Right, I was still thinking of the user syntax just being the native R syntax. In which case they'd all have the same interface and would just handle things differently in the backend.

But yeah, to make use of the nice syntax stuff with rray, it would be useful to have the different classes. Possibly with the ability to translate unknown values between the types.

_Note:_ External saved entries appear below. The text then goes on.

lemma nm_tr_reciprocity:
  "sub2 G K H \<Longrightarrow> sub2 G L K \<Longrightarrow> a \<in> carrier (tT F L) \<Longrightarrow>
   tnm F K H (ttr F L K a) =
     finsum (tT F H) (\<lambda>Ob. let S = sstab G H K (crep Ob) in
       ttr F S H (finprod (tT F S) (\<lambda>D. let g = crep (crep Ob (crep D <# K)) in
         norm_res_conj S (S \<inter> conjset G g L) g L a) (dcosets G H S K))) (sorbits G H K L)"
  using tambara_axioms(10) unfolding tf_recip_tr_def norm_res_conj_def Let_def by blast

lemma sub2_conjset_of_subset:
  "g \<in> carrier G \<Longrightarrow> subgroup L G \<Longrightarrow> sub2 G B M \<Longrightarrow> B \<subseteq> conjset G g L \<Longrightarrow> sub2 G B (conjset G g L)"
  using conjset_subgroup by (auto simp: sub2_def)

lemma norm_res_conj_closed:
  assumes "g \<in> carrier G" "sub2 G B M" "B \<subseteq> conjset G g L" "subgroup L G" "u \<in> carrier (tT F L)"
  shows "norm_res_conj M B g L u \<in> carrier (tT F M)"
  unfolding norm_res_conj_def using assms sub2_conjset_of_subset[OF assms(1,4,2,3)]
  by (intro nm_closed res_closed cj_closed)

lemma norm_res_conj_mult:
  assumes "g \<in> carrier G" "sub2 G B M" "B \<subseteq> conjset G g L" "subgroup L G"
    and "u \<in> carrier (tT F L)" "v \<in> carrier (tT F L)"
  shows "norm_res_conj M B g L (u \<otimes>\<^bsub>tT F L\<^esub> v) =
    norm_res_conj M B g L u \<otimes>\<^bsub>tT F M\<^esub> norm_res_conj M B g L v"
  unfolding norm_res_conj_def using assms sub2_conjset_of_subset[OF assms(1,4,2,3)]
  by (simp add: cj_mult res_mult nm_mult cj_closed res_closed)

lemma norm_res_conj_res:
  assumes "g \<in> carrier G" "sub2 G K L" "B \<subseteq> conjset G g K" "sub2 G B M" "u \<in> carrier (tT F L)"
  shows "norm_res_conj M B g K (tres F L K u) = norm_res_conj M B g L u"
proof -
  have K: "subgroup K G" and L: "subgroup L G" using assms(2) by (auto simp: sub2_def)
  have "sub2 G B (conjset G g K)" using sub2_conjset_of_subset[OF assms(1) K assms(4,3)] .
  then show ?thesis
    unfolding norm_res_conj_def cj_res[OF assms(1,2,5)]
    using res_res[OF sub2_conjset[OF assms(1,2)] _ cj_closed[OF assms(1) L assms(5)]] by simp
qed

lemma norm_res_conj_cj:
  assumes "g \<in> carrier G" "h \<in> carrier G" "subgroup L G" "u \<in> carrier (tT F L)"
  shows "norm_res_conj M B g (conjset G h L) (tcj F h L u) = norm_res_conj M B (g \<otimes> h) L u"
  unfolding norm_res_conj_def using assms
  by (simp add: cj_cj conjset_mult subgroup.subset)

lemma norm_res_conj_one:
  assumes "subgroup L G" "u \<in> carrier (tT F L)"
  shows "norm_res_conj L L \<one> L u = u"
  unfolding norm_res_conj_def
  using assms conjset_one[OF subgroup.subset[OF assms(1)]] subgroup.one_closed[OF assms(1)]
  by (simp add: cj_member res_self nm_self)

lemma norm_res_conj_member:
  assumes "g \<in> M" "sub2 G B M" "t \<in> carrier (tT F B)"
  shows "norm_res_conj M (M \<inter> conjset G g B) g B t = tnm F B M t"
proof -
  have M: "subgroup M G" and B: "subgroup B G" using assms(2) by (auto simp: sub2_def)
  have g: "g \<in> carrier G" using subgroup.mem_carrier[OF M assms(1)] .
  have gM: "conjset G g M = M" using conjset_member[OF M assms(1)] .
  then have MgB: "M \<inter> conjset G g B = conjset G g B"
    using conjset_mono[of B M g] assms(2) by (auto simp: sub2_def)
  have "tnm F (conjset G g B) M (tcj F g B t) = tcj F g M (tnm F B M t)"
    using cj_nm[OF g assms(2,3)] gM by simp
  also have "\<dots> = tnm F B M t" using cj_member[OF M assms(1) nm_closed[OF assms(2,3)]] .
  finally show ?thesis
    unfolding norm_res_conj_def MgB
    using res_self[OF conjset_subgroup[OF g B] cj_closed[OF g B assms(3)]] by simp
qed

lemma nm_norm_res_conj:
  assumes "sub2 G B M" "g \<in> carrier G" "sub2 G B' B" "B' \<subseteq> conjset G g L" "subgroup L G"
    and "u \<in> carrier (tT F L)"
  shows "tnm F B M (norm_res_conj B B' g L u) = norm_res_conj M B' g L u"
  unfolding norm_res_conj_def using assms sub2_conjset_of_subset[OF assms(2,5,3,4)]
  by (simp add: nm_nm res_closed cj_closed)

section \<open>Tambara ideals\<close>

lemma tideal_ideal: "tideal G F I \<Longrightarrow> subgroup H G \<Longrightarrow> ideal (I H) (tT F H)"
  by (simp add: tideal_def)

lemma tideal_closed: "tideal G F I \<Longrightarrow> subgroup H G \<Longrightarrow> x \<in> I H \<Longrightarrow> x \<in> carrier (tT F H)"
  using ideal.Icarr[OF tideal_ideal] .

lemma tideal_res: "tideal G F I \<Longrightarrow> sub2 G K H \<Longrightarrow> x \<in> I H \<Longrightarrow> tres F H K x \<in> I K"
  by (simp add: tideal_def image_subset_iff)

lemma tideal_tr: "tideal G F I \<Longrightarrow> sub2 G K H \<Longrightarrow> x \<in> I K \<Longrightarrow> ttr F K H x \<in> I H"
  by (simp add: tideal_def image_subset_iff)

lemma tideal_nm: "tideal G F I \<Longrightarrow> sub2 G K H \<Longrightarrow> x \<in> I K \<Longrightarrow> tnm F K H x \<in> I H"
  by (simp add: tideal_def image_subset_iff)
lemma vtx_east_pos_in_mark_east_iff:
  assumes "a < d"
  shows "vtx C (east_pos C a) \<in> mark_east C L \<longleftrightarrow> marked C L a"
proof
  assume "vtx C (east_pos C a) \<in> mark_east C L"
  then have "\<exists>k. mvtx C L k = (a, east_height C a)"
    unfolding mark_east_def vtx_east_pos[OF assms] by auto
  then show "marked C L a"
    unfolding marked_def using column_visit_iff[OF assms] by simp
next
  assume "marked C L a"
  then have b: "mark_in C L a \<le> east_height C a" "east_height C a \<le> mark_out C L a"
    using mark_in_le_mark_out[of C L a] mark_out_le_east_height[OF assms] unfolding marked_def by auto
  define k where "k = mark_time C L a + (east_height C a - mark_in C L a)"
  have k: "mvtx C L k = (a, east_height C a)"
    unfolding k_def using mvtx_in_column[OF assms, of "east_height C a - mark_in C L a"] b by simp
  have "k < mark_time C L (Suc a)"
    unfolding k_def mark_time_Suc using b by simp
  also have "\<dots> \<le> mark_time C L d"
    using assms by (intro mark_time_mono) simp
  finally have "\<forall>j\<le>k. mvtx C L j \<noteq> (d, cnt_n C)"
    using fst_mvtx_less by (metis fst_conv le_less_trans less_irrefl)
  moreover have "mvtx C L (Suc k) = (Suc a, east_height C a)"
    using k mark_next_eq[of a "east_height C a"] assms by (simp add: mvtx_Suc mark_step_def)
  ultimately have "mvtx C L k \<in> mark_east C L"
    unfolding mark_east_def using k by (intro CollectI exI[of _ k]) simp
  then show "vtx C (east_pos C a) \<in> mark_east C L"
    using k vtx_east_pos[OF assms] by simp
qed

lemma stL_eq_unmarked: "stL L C = {Suc (east_pos C a) | a. a < d \<and> \<not> marked C L a}"
  unfolding stL_def Es_eq_east_pos using vtx_east_pos_in_mark_east_iff by auto

end

section \<open>An upper bound determined by the statistic\<close>

text \<open>\<open>east_bound (stL L C) L\<close> is computed from the statistic and \<open>L\<close> alone, yet it bounds the
  number of east steps of \<open>C\<close> from above and is attained at every marked east step of \<open>C\<close>.\<close>
fun east_bound :: "nat set \<Rightarrow> bool list \<Rightarrow> nat \<Rightarrow> nat" where
  "east_bound S L 0 = 0"
| "east_bound S L (Suc k) = min (ce L (Suc k)) (east_bound S L k + (if Suc k \<in> S then 0 else 1))"

lemma east_pos_ce:
  assumes "k < length C" "C ! k"
  shows "ce C k < cnt_e C" "east_pos C (ce C k) = k"
  using assms ce_Suc[of k C] ce_le_cnt_e[of "Suc k" C] east_pos_eqI[of k C] by auto

context above_pair
begin

abbreviation "n \<equiv> length C"
abbreviation "S \<equiv> stL L C"
(* For $k=o(n)$, $\mathsf{m}^{rd}(+\infty,S_{n,k})=\frac{1+o_k(1)}{2\sqrt{k}}$.
   Context: $S_{n,k}\in\{0,1\}^{\binom{n}{k}\times n}$ is the matrix whose rows are all the distinct vectors in $\{0,1\}^n$ with exactly $k$ ones, each appearing exactly once. For $A\in\{0,1\}^{N\times n}$ and $m\ge0$, unit vectors $U_1,\dots,U_N,V_1,\dots,V_n\in\mathbb{R}^d$ form a margin-$m$, relative-bias-$0$ embedding of $A$ if $\langle U_j,V_i\rangle\ge m$ whenever $A_{ji}=1$ and $\langle U_j,V_i\rangle\le -m$ whenever $A_{ji}=0$. $\mathsf{m}^{rd}(d,A)$ is the supremum of such $m$ in dimension $d$ ($-\infty$ if none), and $\mathsf{m}^{rd}(+\infty,A)=\sup_d\mathsf{m}^{rd}(d,A)$. *)

theory Defs
  imports Complex_Main "HOL-Library.Extended_Real"
begin

(* Vectors in R^d are represented as functions nat => real; only coordinates < d matter. *)
definition dinner :: "nat \<Rightarrow> (nat \<Rightarrow> real) \<Rightarrow> (nat \<Rightarrow> real) \<Rightarrow> real" where
  "dinner d u v = (\<Sum>i<d. u i * v i)"

definition unitvec :: "nat \<Rightarrow> (nat \<Rightarrow> real) \<Rightarrow> bool" where
  "unitvec d u \<longleftrightarrow> dinner d u u = 1"
text \<open>Write \<open>p\<^sub>k = P{S\<^sub>k \<equiv> 0 mod N}\<close> and \<open>q\<^sub>l = P{S\<^sub>i \<noteq> 0 mod N for 1 \<le> i \<le> l}\<close>.
  Splitting according to the last time \<open>k \<le> m\<close> with \<open>S\<^sub>k \<equiv> 0\<close>, independence and stationarity of
  the increments give \<open>\<Sum>\<^sub>k\<^sub>\<le>\<^sub>m p\<^sub>k q\<^sub>m\<^sub>-\<^sub>k = 1\<close>; summing over \<open>m\<close> and comparing the square
  \<open>[0,N)\<^sup>2\<close> with the triangles \<open>i + j < N\<close> and \<open>i + j < 2N\<close> yields
  \<open>N \<le> (\<Sum>\<^sub>k\<^sub><\<^sub>N p\<^sub>k)(\<Sum>\<^sub>l\<^sub><\<^sub>N q\<^sub>l) \<le> 2N\<close>.
  On the other hand, along a fixed path the number of starting points \<open>u < N\<close> from which the walk
  hits \<open>0\<close> within \<open>N\<close> steps equals the number of distinct residues among \<open>S\<^sub>1, \<dots>, S\<^sub>N\<close>, which is
  also the number of times \<open>n\<close> whose residue does not recur after \<open>n\<close>. Averaging, the hitting probability is
  \<open>(\<Sum>\<^sub>l\<^sub><\<^sub>N q\<^sub>l) / N\<close>, and \<open>\<Sum>\<^sub>k\<^sub><\<^sub>N p\<^sub>k\<close> is the denominator of the statement.\<close>

lemma card_last_occurrences:
  fixes g :: "nat \<Rightarrow> 'b"
  assumes "finite A"
  shows "card {n\<in>A. \<forall>j\<in>A. n < j \<longrightarrow> g j \<noteq> g n} = card (g ` A)"
proof (rule bij_betw_same_card, rule bij_betw_imageI)
  show "inj_on g {n\<in>A. \<forall>j\<in>A. n < j \<longrightarrow> g j \<noteq> g n}"
  proof (rule inj_onI)
    fix a b assume "a \<in> {n\<in>A. \<forall>j\<in>A. n < j \<longrightarrow> g j \<noteq> g n}"
      and "b \<in> {n\<in>A. \<forall>j\<in>A. n < j \<longrightarrow> g j \<noteq> g n}" and "g a = g b"
    then show "a = b" by (cases a b rule: linorder_cases) auto
  qed
  show "g ` {n\<in>A. \<forall>j\<in>A. n < j \<longrightarrow> g j \<noteq> g n} = g ` A"
  proof (intro equalityI subsetI)
    fix v assume "v \<in> g ` A"
    define n where "n = Max {n\<in>A. g n = v}"
    have "n \<in> A" "g n = v" "\<forall>j\<in>A. g j = v \<longrightarrow> j \<le> n"
      using Max_in[of "{n\<in>A. g n = v}"] \<open>v \<in> g ` A\<close> assms by (auto simp: n_def)
    then have "n \<in> {n\<in>A. \<forall>j\<in>A. n < j \<longrightarrow> g j \<noteq> g n}"
      by (auto simp: not_le[symmetric])
    with \<open>g n = v\<close> show "v \<in> g ` {n\<in>A. \<forall>j\<in>A. n < j \<longrightarrow> g j \<noteq> g n}"
      by blast
  qed auto
qed

lemma card_shifts_hitting_zero:
  fixes s :: "nat \<Rightarrow> int" and N :: nat
  assumes "N > 0"
  shows "card {u\<in>{0..<N}. \<exists>n\<in>A. (int u + s n) mod int N = 0} = card ((\<lambda>n. s n mod int N) ` A)"
proof (rule bij_betw_same_card, rule bij_betw_imageI)
  let ?U = "{u\<in>{0..<N}. \<exists>n\<in>A. (int u + s n) mod int N = 0}"
  have hit_iff: "(int u + s n) mod int N = 0 \<longleftrightarrow> s n mod int N = (- int u) mod int N" for u n
    by (simp add: mod_eq_dvd_iff mod_eq_0_iff_dvd add.commute)
  show "inj_on (\<lambda>u. (- int u) mod int N) ?U"
  proof (rule inj_onI)
    fix a b assume "a \<in> ?U" "b \<in> ?U" "(- int a) mod int N = (- int b) mod int N"
    then have "int N dvd int b - int a" "\<bar>int b - int a\<bar> < int N"
      by (auto simp: mod_eq_dvd_iff)
    then show "a = b" using dvd_imp_le_int[of "int b - int a" "int N"] by auto
  qed
  show "(\<lambda>u. (- int u) mod int N) ` ?U = (\<lambda>n. s n mod int N) ` A"
  proof (intro equalityI subsetI)
    fix v assume "v \<in> (\<lambda>u. (- int u) mod int N) ` ?U"
    then obtain u n where v: "v = (- int u) mod int N" and "n \<in> A"
      and hit: "(int u + s n) mod int N = 0"
      by auto
    have "s n mod int N = v" unfolding v using hit_iff[of u n] hit by (rule iffD1)
    with \<open>n \<in> A\<close> show "v \<in> (\<lambda>n. s n mod int N) ` A" by (auto intro: rev_image_eqI)
  next
    fix v assume "v \<in> (\<lambda>n. s n mod int N) ` A"
    then obtain n where n: "n \<in> A" "v = s n mod int N" by auto
    define u where "u = nat ((- v) mod int N)"
    have "u < N" and u: "(- int u) mod int N = v"
      using assms by (auto simp: u_def n nat_less_iff mod_minus_eq)
    moreover have "(int u + s n) mod int N = 0"
      using hit_iff[of u n] u n(2) by metis
    ultimately have "u \<in> ?U" using n(1) by force
    then show "v \<in> (\<lambda>u. (- int u) mod int N) ` ?U" using u[symmetric] by (rule rev_image_eqI)
  qed
qed

lemma ex_last_index:
  fixes m :: nat
  assumes "P 0"
  shows "\<exists>k\<le>m. P k \<and> (\<forall>j\<in>{k<..m}. \<not> P j)"
proof (induction m)
  case 0
  with assms show ?case by auto
next
  case (Suc m)
  show ?case
  proof (cases "P (Suc m)")
    case True
    then show ?thesis by (intro exI[of _ "Suc m"]) auto
  next
    case False
    from Suc.IH obtain k where "k \<le> m" "P k" "\<forall>j\<in>{k<..m}. \<not> P j" by blast
    with False show ?thesis by (intro exI[of _ k]) (auto simp: le_Suc_eq)
  qed
qed
(* Let $s\in\mathbb{N}$, $s\le T$, and let $\phi$ be a monetary utility function on $\mathcal{R}^\infty_{s,T}$ such that $$\phi(X)={\rm ess}\inf_{a\in\mathcal{M}}\{\langle X,a\rangle_{s,T}-\phi^{\#}(a)\},\qquad X\in\mathcal{R}^\infty_{s,T},$$ for some $\mathcal{M}\subset D_{s,T}$. Suppose $\mathcal{M}$ is compact with respect to $\|\cdot\|_{A^1}$, stable under concatenation, and there is $b\in A^1_+$ with $\Delta a_t\le\Delta b_t$ for all $a\in\mathcal{M}$, $t\in\mathbb{N}$. Then for every $X\in\mathcal{R}^\infty_{s,T}$ there exists $a^X\in\mathcal{M}$ such that the insurance version $\Psi(X):=-\phi(-X)$ satisfies $$\Psi(X)=\langle X,a^X\rangle_{s,T}+\phi^{\#}(a^X).$$
   Context: Filtered probability space $(\Omega,\mathcal{F},(\mathcal{F}_t)_{t\in\mathbb{N}},P)$, $\mathcal{F}_0$ trivial; a.s. (in)equalities; $T\in\mathbb{N}$ fixed. $\mathcal{R}^\infty$: bounded adapted processes; $A^1$: adapted $a$ with $\|a\|_{A^1}:=E\sum_t|\Delta a_t|<\infty$ ($a_{-1}=0$, $\Delta a_t=a_t-a_{t-1}$); $A^1_+$: those with all $\Delta a_t\ge0$. For stopping times $\tau\le\theta$: $\pi_{\tau,\theta}(X)_t=1_{\{\tau\le t\}}X_{t\wedge\theta}$, $\mathcal{R}^\infty_{\tau,\theta}=\pi_{\tau,\theta}\mathcal{R}^\infty$, $A^1_{\tau,\theta}=\pi_{\tau,\theta}A^1$, $\langle X,a\rangle_{\tau,\theta}=E(\sum_{t\in[\tau,\theta]\cap\mathbb{N}}X_t\Delta a_t\mid\mathcal{F}_\tau)$, $D_{s,T}=\{a\in\pi_{s,T}A^1_+:\langle1,a\rangle_{s,T}=1\}$. A monetary utility function on $\mathcal{R}^\infty_{s,T}$ is $\phi:\mathcal{R}^\infty_{s,T}\to L^\infty(\mathcal{F}_s)$ with $\phi(1_AX)=1_A\phi(X)$ for $A\in\mathcal{F}_s$, monotone, and $\phi(X+m1_{[s,\infty)})=\phi(X)+m$ for $m\in L^\infty(\mathcal{F}_s)$; $\mathcal{C}_\phi=\{X:\phi(X)\ge0\}$, $\phi^{\#}(a)={\rm ess}\inf_{X\in\mathcal{C}_\phi}\langle X,a\rangle_{s,T}$. Concatenation: for $a,b\in A^1_+$, a finite stopping time $\theta$ and $A\in\mathcal{F}_\theta$, $(a\oplus^\theta_Ab)_t=1_Ca_t+1_{C^c}\big(a_{\theta-1}+\frac{\langle1,a\rangle_{\theta,\infty}}{\langle1,b\rangle_{\theta,\infty}}(b_t-b_{\theta-1})\big)$, where $C=\{t<\theta\}\cup A^c\cup\{\langle1,b\rangle_{\theta,\infty}=0\}$. A set $\mathcal{M}\subset A^1_+$ is stable under concatenation if $a\oplus^\theta_Ab\in\mathcal{M}$ for all $a,b\in\mathcal{M}$, all finite stopping times $\theta$ and all $A\in\mathcal{F}_\theta$. *)

theory Defs
  imports "HOL-Probability.Probability"
begin

type_synonym 'a proc = "nat \<Rightarrow> 'a \<Rightarrow> real"

definition prev :: "'a proc \<Rightarrow> nat \<Rightarrow> 'a \<Rightarrow> real" where
  "prev a t \<omega> = (if t = 0 then 0 else a (t - 1) \<omega>)"

definition dlt :: "'a proc \<Rightarrow> nat \<Rightarrow> 'a \<Rightarrow> real" where
  "dlt a t \<omega> = a t \<omega> - prev a t \<omega>"

definition adapted :: "(nat \<Rightarrow> 'a measure) \<Rightarrow> 'a proc \<Rightarrow> bool" where
  "adapted F X \<longleftrightarrow> (\<forall>t. X t \<in> borel_measurable (F t))"

definition Rinf :: "'a measure \<Rightarrow> (nat \<Rightarrow> 'a measure) \<Rightarrow> 'a proc set" where
  "Rinf M F = {X. adapted F X \<and> (\<exists>c. \<forall>t. AE \<omega> in M. \<bar>X t \<omega>\<bar> \<le> c)}"

definition A1norm :: "'a measure \<Rightarrow> 'a proc \<Rightarrow> ennreal" where
  "A1norm M a = (\<integral>\<^sup>+ \<omega>. (\<Sum>t. ennreal \<bar>dlt a t \<omega>\<bar>) \<partial>M)"

definition A1 :: "'a measure \<Rightarrow> (nat \<Rightarrow> 'a measure) \<Rightarrow> 'a proc set" where
  "A1 M F = {a. adapted F a \<and> A1norm M a < \<infinity>}"

definition A1p :: "'a measure \<Rightarrow> (nat \<Rightarrow> 'a measure) \<Rightarrow> 'a proc set" where
  "A1p M F = {a \<in> A1 M F. \<forall>t. AE \<omega> in M. 0 \<le> dlt a t \<omega>}"

definition pist :: "nat \<Rightarrow> nat \<Rightarrow> 'a proc \<Rightarrow> 'a proc" where
  "pist s T X = (\<lambda>t \<omega>. if s \<le> t then X (min t T) \<omega> else 0)"

definition RsT :: "'a measure \<Rightarrow> (nat \<Rightarrow> 'a measure) \<Rightarrow> nat \<Rightarrow> nat \<Rightarrow> 'a proc set" where
  "RsT M F s T = pist s T ` Rinf M F"

definition pairing :: "'a measure \<Rightarrow> (nat \<Rightarrow> 'a measure) \<Rightarrow> nat \<Rightarrow> nat \<Rightarrow> 'a proc \<Rightarrow> 'a proc \<Rightarrow> 'a \<Rightarrow> real" where
  "pairing M F s T X a = real_cond_exp M (F s) (\<lambda>\<omega>. \<Sum>t\<in>{s..T}. X t \<omega> * dlt a t \<omega>)"

definition DsT :: "'a measure \<Rightarrow> (nat \<Rightarrow> 'a measure) \<Rightarrow> nat \<Rightarrow> nat \<Rightarrow> 'a proc set" where
  "DsT M F s T = {a \<in> pist s T ` A1p M F. AE \<omega> in M. pairing M F s T (\<lambda>_ _. 1) a \<omega> = 1}"

definition Linf :: "'a measure \<Rightarrow> 'a measure \<Rightarrow> ('a \<Rightarrow> real) set" where
  "Linf M G = {m. m \<in> borel_measurable G \<and> (\<exists>c. AE \<omega> in M. \<bar>m \<omega>\<bar> \<le> c)}"

definition monetary_utility ::
  "'a measure \<Rightarrow> (nat \<Rightarrow> 'a measure) \<Rightarrow> nat \<Rightarrow> nat \<Rightarrow> ('a proc \<Rightarrow> 'a \<Rightarrow> real) \<Rightarrow> bool" where
  "monetary_utility M F s T \<phi> \<longleftrightarrow>
     (\<forall>X\<in>RsT M F s T. \<phi> X \<in> Linf M (F s)) \<and>
     (\<forall>X\<in>RsT M F s T. \<forall>A\<in>sets (F s).
        AE \<omega> in M. \<phi> (\<lambda>t \<omega>'. indicator A \<omega>' * X t \<omega>') \<omega> = indicator A \<omega> * \<phi> X \<omega>) \<and>
     (\<forall>X\<in>RsT M F s T. \<forall>Y\<in>RsT M F s T.
        (\<forall>t. AE \<omega> in M. X t \<omega> \<le> Y t \<omega>) \<longrightarrow> (AE \<omega> in M. \<phi> X \<omega> \<le> \<phi> Y \<omega>)) \<and>
     (\<forall>X\<in>RsT M F s T. \<forall>m\<in>Linf M (F s).
        AE \<omega> in M. \<phi> (\<lambda>t \<omega>'. X t \<omega>' + (if s \<le> t then m \<omega>' else 0)) \<omega> = \<phi> X \<omega> + m \<omega>)"

definition acc_set ::
  "'a measure \<Rightarrow> (nat \<Rightarrow> 'a measure) \<Rightarrow> nat \<Rightarrow> nat \<Rightarrow> ('a proc \<Rightarrow> 'a \<Rightarrow> real) \<Rightarrow> 'a proc set" where
  "acc_set M F s T \<phi> = {X \<in> RsT M F s T. AE \<omega> in M. 0 \<le> \<phi> X \<omega>}"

DavisVaughan commented 5 years ago

Wanted to share an update. It's all very rough, but kind of exciting. I've got nodegraph holding the core implementation of the Node and DAG classes, and then have a delay_array S3 class that implements delayed evaluation for base R objects. BUT its all extensible through 2 core S3 methods (and a few other things) so other classes can "easily" create their own lazy systems. For example, I went ahead and bootstrapped a lazy version of rray arrays as well. The system that computes dimensions is one of the two extensible methods so you can compute broadcasted dimensions correctly if your class requires it. The other S3 method controls how the computation is done (i.e. essentially specifying xtensor as the backend by giving me a chance to make rray objects)

library(rray)
library(nodegraph)

# //////////////////////////////////////////////////////////////////////////////
# Use delay_arrays. They work like R matrices/arrays, but are lazy

x <- as_delay_array(matrix(c(1,2,3)))
y <- as_delay_array(matrix(c(1,2,4)))

# x and y look like matrices, but they are more complex
x
#> <delay_array>
#>      [,1]
#> [1,]    1
#> [2,]    2
#> [3,]    3
y
#> <delay_array>
#>      [,1]
#> [1,]    1
#> [2,]    2
#> [3,]    4

# + is lazy
z <- x + y

# we know the shape of z and it uses base R shape rules
z
#> <delay_array>
#>      [,1]
#> [1,]  ?  
#> [2,]  ?  
#> [3,]  ?

# scalars work
zz <- z - 2

zz
#> <delay_array>
#>      [,1]
#> [1,]  ?  
#> [2,]  ?  
#> [3,]  ?

# okay, let's actually compute zz now
compute(zz)
#> <delay_array>
#>      [,1]
#> [1,]    0
#> [2,]    2
#> [3,]    5

# now, all upstream dependencies of zz are known, along with zz
zz
#> <delay_array>
#>      [,1]
#> [1,]    0
#> [2,]    2
#> [3,]    5

# z was required to compute zz, so it is known
z
#> <delay_array>
#>      [,1]
#> [1,]    2
#> [2,]    4
#> [3,]    7

# //////////////////////////////////////////////////////////////////////////////
# Use delay_rrays. Before computation they are converted to rrays and xtensor
# is used for the computation

x <- as_delay_rray(matrix(c(1,2,3), nrow = 3, ncol = 2))
y <- as_delay_rray(matrix(c(1,2,4)))

# Note that you cant add these together in base R!
x
#> <delay_rray>
#>      [,1] [,2]
#> [1,]    1    1
#> [2,]    2    2
#> [3,]    3    3
y
#> <delay_rray>
#>      [,1]
#> [1,]    1
#> [2,]    2
#> [3,]    4

z <- x + y

# Shape rules are correct here because the function that checks that 
# is extensible
z
#> <delay_rray>
#>      [,1] [,2]
#> [1,]  ?    ?  
#> [2,]  ?    ?  
#> [3,]  ?    ?

zz <- z - 2

# compute zz using xtensor
compute(zz)
#> <delay_rray>
#>      [,1] [,2]
#> [1,]    0    0
#> [2,]    2    2
#> [3,]    5    5

zz
#> <delay_rray>
#>      [,1] [,2]
#> [1,]    0    0
#> [2,]    2    2
#> [3,]    5    5

z
#> <delay_rray>
#>      [,1] [,2]
#> [1,]    2    2
#> [2,]    4    4
#> [3,]    7    7

Created on 2018-11-09 by the reprex package (v0.2.0).

goldingn commented 5 years ago

Nice! That was rapid progress.

Looks great, and I like that this has memoisation. Have you encoded the ability to change the values of nodes and rerun the graph?